No one would willingly provide the enemy with information that could harm our soldiers, however, social media users could unknowingly be doing this every day. Operation security, or OPSEC, is essential to keeping our service members safe. OPSEC is small pieces of information that when made public can paint a bigger picture about a mission, unit, or other essential area of the military. Mission security is a responsibility shared by everyone including spouses and families.
Social networking is popular among military families and helpful for keeping in contact with family and friends all around the globe. Service members and their families post updates on Twitter, Facebook, and Flickr, that when placed with other information can provide the enemy with sensitive knowledge. The increasing use of social media is a growing concern for military officials tasked with unit security. One status update about an impending deployment from a soldier in Fort Hood, Texas, has the potential to be viewed around the globe, and can unintentionally put an entire unit at risk.

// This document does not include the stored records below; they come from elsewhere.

(* The left inequality is one summand of m_k.  For the right one, fix a layer S j.  A maximal
   2^-k-separated subset of cB_k(xu) \<inter> S j has boundedly many points, because disjoint balls
   of radius 2^-k/2 around them fit into a ball of comparable measure; the balls B_k(z) around
   these points cover cB_k(xu) \<inter> S j, and their measures are comparable to \<mu>(B_k(x)).  Upper
   Ahlfors regularity of S j and subadditivity of H_(th j) therefore bound the j-th summand of
   m_k by a constant times 2^(k \<theta>) \<mu>(B_k(x)), and lower Ahlfors regularity of S i at x bounds
   this quantity by a constant times 2^(k(\<theta> - th i)) H_(th i)(B_k(x) \<inter> S i). *)

lemma suminf_even_odd_ennreal:
  fixes f :: "nat \<Rightarrow> ennreal"
  shows "(\<Sum>n. f n) = (\<Sum>n. f (2*n)) + (\<Sum>n. f (2*n+1))"
proof -
  have "(\<lambda>n. sum f {n*2..<n*2+2}) sums (\<Sum>n. f n)"
    by (rule sums_group) (auto intro: summable_sums summableI)
  then have "(\<lambda>n. f (2*n) + f (2*n+1)) sums (\<Sum>n. f n)"
    by (simp add: numeral_2_eq_2 mult.commute)
  then have "(\<Sum>n. f n) = (\<Sum>n. f (2*n) + f (2*n+1))"
    by (simp add: sums_unique)
  also have "\<dots> = (\<Sum>n. f (2*n)) + (\<Sum>n. f (2*n+1))"
    by (rule suminf_add[symmetric]) (auto intro: summableI)
  finally show ?thesis .
qed

definition delta_covers :: "real \<Rightarrow> 'a::metric_space set \<Rightarrow> (nat set \<times> (nat \<Rightarrow> 'a) \<times> (nat \<Rightarrow> real)) set"
  where "delta_covers \<delta> E = {(I, x, r). E \<subseteq> (\<Union>i\<in>I. cball (x i) (r i)) \<and> (\<forall>i\<in>I. 0 < r i \<and> r i < \<delta>)}"
(* In the continuous Donation Game, assume additionally that $b$ is continuous and strictly increasing on $[0,K]$ (with inverse $b^{-1}:[0,b(K)]\to[0,K]$). Let $0\le\gamma\le b(K)-c(K)$, suppose $\lambda\ge c(K)/b(K)$, and let $x_0\in[0,K]$ satisfy $$\frac{\gamma-\lambda b(K)+c(K)}{1-\lambda}\le b(x_0)\le\frac{\gamma}{1-\lambda}.$$ Then $r^X(x,y):=b^{-1}\!\left(\frac{c(y)+\gamma-(1-\lambda)b(x_0)}{\lambda}\right)$ is well defined for all $x,y\in[0,K]$, and the deterministic memory-one strategy for $X$ with $\sigma_X^0=\delta_{x_0}$ and $\sigma_X[x,y]=\delta_{r^X(x,y)}$ enforces $\pi_Y=\gamma$ against every behavioral strategy of $Y$.
   Context: Continuous Donation Game: fix $K>0$ and measurable nondecreasing functions $b,c:[0,K]\to\mathbb{R}$ with $b(0)=c(0)=0$ and $b(s)>c(s)$ for $s>0$. Action spaces $S_X=S_Y=[0,K]$, payoffs $u_X(x,y)=b(y)-c(x)$, $u_Y(x,y)=b(x)-c(y)$, discount factor $\lambda\in(0,1)$. Repeated-game framework: histories $\mathcal{H}=\bigsqcup_T(S_X\times S_Y)^T$; a behavioral strategy is a Markov kernel from histories to the player's action space; a memory-one strategy for $X$ consists of an initial probability measure $\sigma_X^0$ and a Markov kernel $\sigma_X[x,y]$ applied to the previous action pair. The strategies generate, via $\mu_0=\sigma_X[\varnothing]\otimes\sigma_Y[\varnothing]$ and $\mu_t(E'\times E)=\int_{E'}(\sigma_X[h]\otimes\sigma_Y[h])(E)\,d\mu_{t-1}(h)$, the laws $\nu_t(E)=\mu_t(\mathcal{H}^t\times E)$ of the action pair at time $t$, and $\pi_X=(1-\lambda)\sum_t\lambda^t\int u_X\,d\nu_t$, $\pi_Y=(1-\lambda)\sum_t\lambda^t\int u_Y\,d\nu_t$. $\delta_s$ is the Dirac measure at $s$. *)

theory Defs
  imports "HOL-Probability.Probability"
begin

definition act_space :: "real \<Rightarrow> real measure" where
  "act_space K = restrict_space borel {0..K}"

definition pair_space :: "real \<Rightarrow> (real \<times> real) measure" where
  "pair_space K = act_space K \<Otimes>\<^sub>M act_space K"

definition hist_space :: "real \<Rightarrow> nat \<Rightarrow> (nat \<Rightarrow> real \<times> real) measure" where
  "hist_space K T = PiM {..<T} (\<lambda>_. pair_space K)"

Once information is posted online the user no longer has control over where it ends up. With a simple share of a status or photo, information can be passed from computer to computer around the globe. While we may think a profile is private, it can be viewed by more individuals than commonly realized. Additional programs, add-ons, and games allow access to otherwise private profiles and subsequently their information. An additional concern, despite profile settings, is not personally knowing every friend. Fake profiles can easily be constructed to have similar interests or common duty stations. By adding these fake profiles, they are now privy to information shared among friends.
Even those who avoid posting details are at risk for providing the enemy with details if they are not careful. Something as innocent as a photograph can compromise unit security. Photographs can provide sensitive information through identify terrain features or objects. Geotagging, or automatic tags contained within the metatags in photos uploaded from smartphones, can provide the enemy with locations of units, equipment, and transports. This information can lead the enemy directly to our units, putting them at risk of attack. Many users are unaware their smart phones add this tag since it is not easily seen.
Don’t post specific details. When posting updates ensure to leave out all specifics including locations, dates, times, and areas. Posting general updates such as “I will be deploying to Afghanistan in the spring” rather than “I will be deploying to Kandahar next Monday”.
Post about events that have already happened. Posting about events after they occur is the safest way to ensure mission integrity is protected. However, be sure to never post sensitive mission details even after the fact.
Disable your GPS feature on your phone. Disabling this feature will prevent your camera from geotagging your photos, or accidentally tagging at certain locations. The GPS feature, while convenient, allows patterns to be monitored and locations to be tracked.
Never post equipment, personnel, or mission statues online. Thinking about complaining about how shorthanded guard duty is on a certain shift? Think again.
If you have any questions concerning the use of social media and OPSEC, be sure to contact your chain of command. Security is everyone’s business.